(* Let $m,n\ge0$ be integers with $m+n$ even. A permutation $x=(x_1x_2\cdots x_{m+n})$ of $[m+n]$ is an alternating $\mathcal B_{m,n}$-permutation if and only if $x\in\mathrm{Alt}_{\mathrm{Hoch}(m,n)}$.
   Context: For integers $i\le j$, $[i,j]=\{\ell\in\mathbb Z: i\le\ell\le j\}$ and $[N]=[1,N]$. $\mathcal B_{m,n}$ is the collection of nonempty subsets $I\subseteq[m+n]$ such that whenever $|I|\ge2$, $I\cap[m+1,m+n]$ is either $\emptyset$ or $[m+r,m+n]$ for some $1\le r\le n$ (a building set on $[m+n]$). For a building set $\mathcal B$ on $S$ (collection of nonempty subsets of $S$ containing all singletons, closed under unions of intersecting members; its connected components are its inclusion-maximal members; $\mathcal B|_I=\{J\in\mathcal B:J\subseteq I\}$) with $|S|=N$, a $\mathcal B$-permutation is a sequence $(x_1\cdots x_N)$ listing each element of $S$ once such that for each $i$, $x_i$ and $\max\{x_1,\dots,x_i\}$ lie in the same connected component of $\mathcal B|_{\{x_1,\dots,x_i\}}$; it is alternating if $x_1>x_2<x_3>\cdots$. $\mathrm{Alt}_{\mathrm{Hoch}(m,n)}$ is the set of alternating permutations $(x_1\cdots x_{m+n})$ of $[m+n]$ such that for all $i,j$: $m+n\ge x_i>x_j\ge m+1$ implies $i<j$. *)

theory Defs
  imports Main
begin

definition restrict_bs :: "'a set set \<Rightarrow> 'a set \<Rightarrow> 'a set set" where
  "restrict_bs B I = {J \<in> B. J \<subseteq> I}"

text \<open>Connected components: the inclusion-maximal members.\<close>
definition components_bs :: "'a set set \<Rightarrow> 'a set set" where
  "components_bs B = {C \<in> B. \<forall>D\<in>B. C \<subseteq> D \<longrightarrow> D = C}"

text \<open>B-permutation of the ground set S, written as a list (x_1 ... x_N), 0-indexed.\<close>
definition is_B_perm :: "'a::linorder set set \<Rightarrow> 'a set \<Rightarrow> 'a list \<Rightarrow> bool" where
  "is_B_perm B S xs \<longleftrightarrow> distinct xs \<and> set xs = S \<and>
     (\<forall>i < length xs. \<exists>C \<in> components_bs (restrict_bs B (set (take (Suc i) xs))).
        xs ! i \<in> C \<and> Max (set (take (Suc i) xs)) \<in> C)"

text \<open>Alternating: x_1 > x_2 < x_3 > ... (0-indexed: even positions descend).\<close>
definition alternating :: "'a::linorder list \<Rightarrow> bool" where
  "alternating xs \<longleftrightarrow> (\<forall>i. Suc i < length xs \<longrightarrow>
     (if even i then xs ! i > xs ! Suc i else xs ! i < xs ! Suc i))"

definition B_mn :: "nat \<Rightarrow> nat \<Rightarrow> nat set set" where
  "B_mn m n = {I. I \<noteq> {} \<and> I \<subseteq> {1..m+n} \<and>
     (card I \<ge> 2 \<longrightarrow> I \<inter> {m+1..m+n} = {} \<or>
        (\<exists>r. 1 \<le> r \<and> r \<le> n \<and> I \<inter> {m+1..m+n} = {m+r..m+n}))}"

definition Alt_Hoch :: "nat \<Rightarrow> nat \<Rightarrow> nat list set" where
  "Alt_Hoch m n = {xs. distinct xs \<and> set xs = {1..m+n} \<and> alternating xs \<and>
     (\<forall>i < length xs. \<forall>j < length xs.
        m + n \<ge> xs ! i \<and> xs ! i > xs ! j \<and> xs ! j \<ge> m + 1 \<longrightarrow> i < j)}"

end

theory Submission
  imports Defs
begin

text \<open>A member of \<open>B_mn m n\<close> with at least two elements meets \<open>[m+1,m+n]\<close> in a final segment.
Hence, in a prefix \<open>P\<close> with maximum \<open>M\<close>, an entry \<open>x\<close> lies in a common component with \<open>M\<close>
exactly when \<open>x = M\<close>, or \<open>M \<le> m\<close>, or \<open>M = m+n\<close> and either \<open>x \<le> m\<close> or all of \<open>[x,m+n]\<close> has
already appeared.
So in an alternating \<open>B_mn m n\<close>-permutation the first entry above \<open>m\<close> must be \<open>m+n\<close>: otherwise
the next entry is either smaller, violating the condition, or larger, and then alternation puts
a still larger entry, hence one above \<open>m\<close>, right before it. From then on every entry above \<open>m\<close>
requires all larger ones to precede it, which is the Hochschild ordering; conversely that
ordering makes every prefix satisfy the condition.\<close>

lemma ex_component_containing_iff:
  assumes "finite B"
  shows "(\<exists>C\<in>components_bs B. x \<in> C \<and> y \<in> C) \<longleftrightarrow> (\<exists>I\<in>B. x \<in> I \<and> y \<in> I)"
proof
  assume "\<exists>I\<in>B. x \<in> I \<and> y \<in> I"
  then obtain I where I: "I \<in> B" "x \<in> I" "y \<in> I" by blast
  from finite_has_maximal2[OF assms I(1)] obtain C
    where "C \<in> B" "I \<subseteq> C" "\<forall>D\<in>B. C \<subseteq> D \<longrightarrow> C = D" by blast
  then show "\<exists>C\<in>components_bs B. x \<in> C \<and> y \<in> C"
    using I unfolding components_bs_def by blast
qed (auto simp: components_bs_def)

lemma B_mn_memberI_below:
  assumes "A \<noteq> {}" "A \<subseteq> {1..m}"
  shows "A \<in> B_mn m n"
  using assms unfolding B_mn_def by auto

lemma B_mn_memberI_tail:
  assumes "A \<noteq> {}" "A \<subseteq> {1..m+n}" "1 \<le> r" "r \<le> n" "A \<inter> {m+1..m+n} = {m+r..m+n}"
  shows "A \<in> B_mn m n"
  using assms unfolding B_mn_def by blast

lemma singleton_in_B_mn: "x \<in> {1..m+n} \<Longrightarrow> {x} \<in> B_mn m n"
  by (simp add: B_mn_def)

definition B_mn_linked :: "nat \<Rightarrow> nat \<Rightarrow> nat set \<Rightarrow> nat \<Rightarrow> bool" where
  "B_mn_linked m n P x \<longleftrightarrow>
     x = Max P \<or> Max P \<le> m \<or> (Max P = m+n \<and> (x \<le> m \<or> {x..m+n} \<subseteq> P))"

lemma B_mn_upward_closed:
  assumes I: "I \<in> B_mn m n" and ab: "a \<in> I" "b \<in> I" "a \<noteq> b" and "m < a"
  shows "{a..m+n} \<subseteq> I"
proof -
  have sub: "I \<subseteq> {1..m+n}" using I unfolding B_mn_def by blast
  then have "card {a, b} \<le> card I" using ab by (intro card_mono) (auto intro: finite_subset)
  then have "2 \<le> card I" using ab(3) by simp
  then have tail: "I \<inter> {m+1..m+n} = {} \<or> (\<exists>r. I \<inter> {m+1..m+n} = {m+r..m+n})"
    using I unfolding B_mn_def by blast
  have a_tail: "a \<in> I \<inter> {m+1..m+n}" using ab(1) \<open>m < a\<close> sub by auto
  with tail obtain r where r: "I \<inter> {m+1..m+n} = {m+r..m+n}" by blast
  from a_tail have "a \<in> {m+r..m+n}" unfolding r .
  then have "{a..m+n} \<subseteq> {m+r..m+n}" by auto
  then show ?thesis using r by blast
qed

lemma B_mn_linked_of_member:
  assumes P: "P \<subseteq> {1..m+n}"
    and I: "I \<in> B_mn m n" "I \<subseteq> P" "x \<in> I" "Max P \<in> I"
  shows "B_mn_linked m n P x"
proof (cases "x = Max P \<or> Max P \<le> m")
  case False
  have "Max P \<le> m+n" using I(2,4) P by auto
  moreover have "{Max P..m+n} \<subseteq> I" using B_mn_upward_closed[OF I(1) I(4) I(3)] False by auto
  ultimately have "m+n \<in> P" using I(2) by auto
  then have "m+n \<le> Max P" using finite_subset[OF P] by simp
  with \<open>Max P \<le> m+n\<close> have "Max P = m+n" by simp
  moreover have "{x..m+n} \<subseteq> P" if "m < x"
    using B_mn_upward_closed[OF I(1) I(3) I(4)] that False I(2) by auto
  ultimately show ?thesis unfolding B_mn_linked_def by (meson not_le)
qed (auto simp: B_mn_linked_def)

lemma B_mn_member_of_linked:
  assumes P: "P \<subseteq> {1..m+n}" and x: "x \<in> P" and linked: "B_mn_linked m n P x"
  shows "\<exists>I\<in>B_mn m n. I \<subseteq> P \<and> x \<in> I \<and> Max P \<in> I"
proof -
  have "finite P" using finite_subset[OF P] by simp
  then have MP: "Max P \<in> P" and xM: "x \<le> Max P" using x Max_in by auto
  consider "x = Max P" | "Max P \<le> m" | "m < Max P" "Max P = m+n" "x \<le> m"
    | "m < x" "Max P = m+n" "{x..m+n} \<subseteq> P"
    using linked unfolding B_mn_linked_def by (metis not_le)
  then show ?thesis
  proof cases
    case 1
    have "{x} \<in> B_mn m n" using x P by (intro singleton_in_B_mn) blast
    then show ?thesis using 1 x by (intro bexI[of _ "{x}"]) simp_all
  next
    case 2
    then have "{x, Max P} \<subseteq> {1..m}" using x MP P xM by auto
    then have "{x, Max P} \<in> B_mn m n" by (intro B_mn_memberI_below) simp_all
    then show ?thesis using x MP by (intro bexI[of _ "{x, Max P}"]) simp_all
  next
    case 3
    then have "{x, Max P} \<inter> {m+1..m+n} = {m+n..m+n}" by auto
    moreover have "{x, Max P} \<subseteq> {1..m+n}" using x MP P by blast
    moreover have "1 \<le> n" using 3 by simp
    ultimately have "{x, Max P} \<in> B_mn m n" by (intro B_mn_memberI_tail[of _ m n n]) simp_all
    then show ?thesis using x MP by (intro bexI[of _ "{x, Max P}"]) simp_all
  next
    case 4
    have "x \<le> m+n" using x P by auto
    then have "{x..m+n} \<inter> {m+1..m+n} = {m+(x-m)..m+n}" using 4 by auto
    moreover have "{x..m+n} \<subseteq> {1..m+n}" using 4 by auto
    moreover have "1 \<le> x - m" "x - m \<le> n" using 4 \<open>x \<le> m+n\<close> by auto
    ultimately have "{x..m+n} \<in> B_mn m n"
      by (intro B_mn_memberI_tail[of _ m n "x-m"]) simp_all
    then show ?thesis using 4 \<open>x \<le> m+n\<close> by (intro bexI[of _ "{x..m+n}"]) simp_all
  qed
qed

lemma ex_component_B_mn_iff_linked:
  assumes P: "P \<subseteq> {1..m+n}" and x: "x \<in> P"
  shows "(\<exists>C\<in>components_bs (restrict_bs (B_mn m n) P). x \<in> C \<and> Max P \<in> C)
         \<longleftrightarrow> B_mn_linked m n P x"
proof -
  have "restrict_bs (B_mn m n) P \<subseteq> Pow P" unfolding restrict_bs_def by blast
  then have "finite (restrict_bs (B_mn m n) P)"
    using finite_subset[OF P] by (simp add: finite_subset)
  then show ?thesis
    using B_mn_linked_of_member[OF P] B_mn_member_of_linked[OF P x]
    by (auto simp: ex_component_containing_iff restrict_bs_def)
qed

lemma is_B_perm_B_mn_iff:
  assumes "set xs = {1..m+n}"
  shows "is_B_perm (B_mn m n) {1..m+n} xs \<longleftrightarrow> distinct xs \<and>
     (\<forall>i < length xs. B_mn_linked m n (set (take (Suc i) xs)) (xs ! i))"
proof -
  have "set (take (Suc i) xs) \<subseteq> {1..m+n}" "xs ! i \<in> set (take (Suc i) xs)"
    if "i < length xs" for i
    using that assms by (auto simp: take_Suc_conv_app_nth dest: in_set_takeD)
  then show ?thesis
    using assms ex_component_B_mn_iff_linked unfolding is_B_perm_def by simp
qed

lemma in_set_take_Suc_iff:
  "i < length xs \<Longrightarrow> y \<in> set (take (Suc i) xs) \<longleftrightarrow> (\<exists>k\<le>i. xs ! k = y)"
  by (auto simp: in_set_conv_nth less_Suc_eq_le)

lemma alternating_ascent_preceded_by_greater:
  assumes alt: "alternating xs" and i: "Suc i < length xs" and asc: "xs ! i < xs ! Suc i"
  shows "0 < i \<and> xs ! (i - 1) > xs ! i"
proof -
  have "if even i then xs ! i > xs ! Suc i else xs ! i < xs ! Suc i"
    using alt i unfolding alternating_def by blast
  then have "odd i" using asc by (auto split: if_splits)
  then have pos: "0 < i" and "even (i - 1)" by (simp_all add: odd_pos)
  have "Suc (i - 1) < length xs" using i by simp
  then have "if even (i - 1) then xs ! (i - 1) > xs ! Suc (i - 1)
      else xs ! (i - 1) < xs ! Suc (i - 1)"
    using alt unfolding alternating_def by blast
  then show ?thesis using pos \<open>even (i - 1)\<close> by simp
qed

[Your instructions]: Each line in the entries above, starting at the line with "B. J \<subseteq>" and ending at the line with "set \<Rightarrow> 'a list", is to be printed exactly, and only those lines.

[Exercise output]:
  "restrict_bs B I = {J \<in> B. J \<subseteq> I}"

text \<open>Connected components: the inclusion-maximal members.\<close>
definition components_bs :: "'a set set \<Rightarrow> 'a set set" where
  "components_bs B = {C \<in> B. \<forall>D\<in>B. C \<subseteq> D \<longrightarrow> D = C}"

text \<open>B-permutation of the ground set S, written as a list (x_1 ... x_N), 0-indexed.\<close>
definition is_B_perm :: "'a::linorder set set \<Rightarrow> 'a set \<Rightarrow> 'a list \<Rightarrow> bool" where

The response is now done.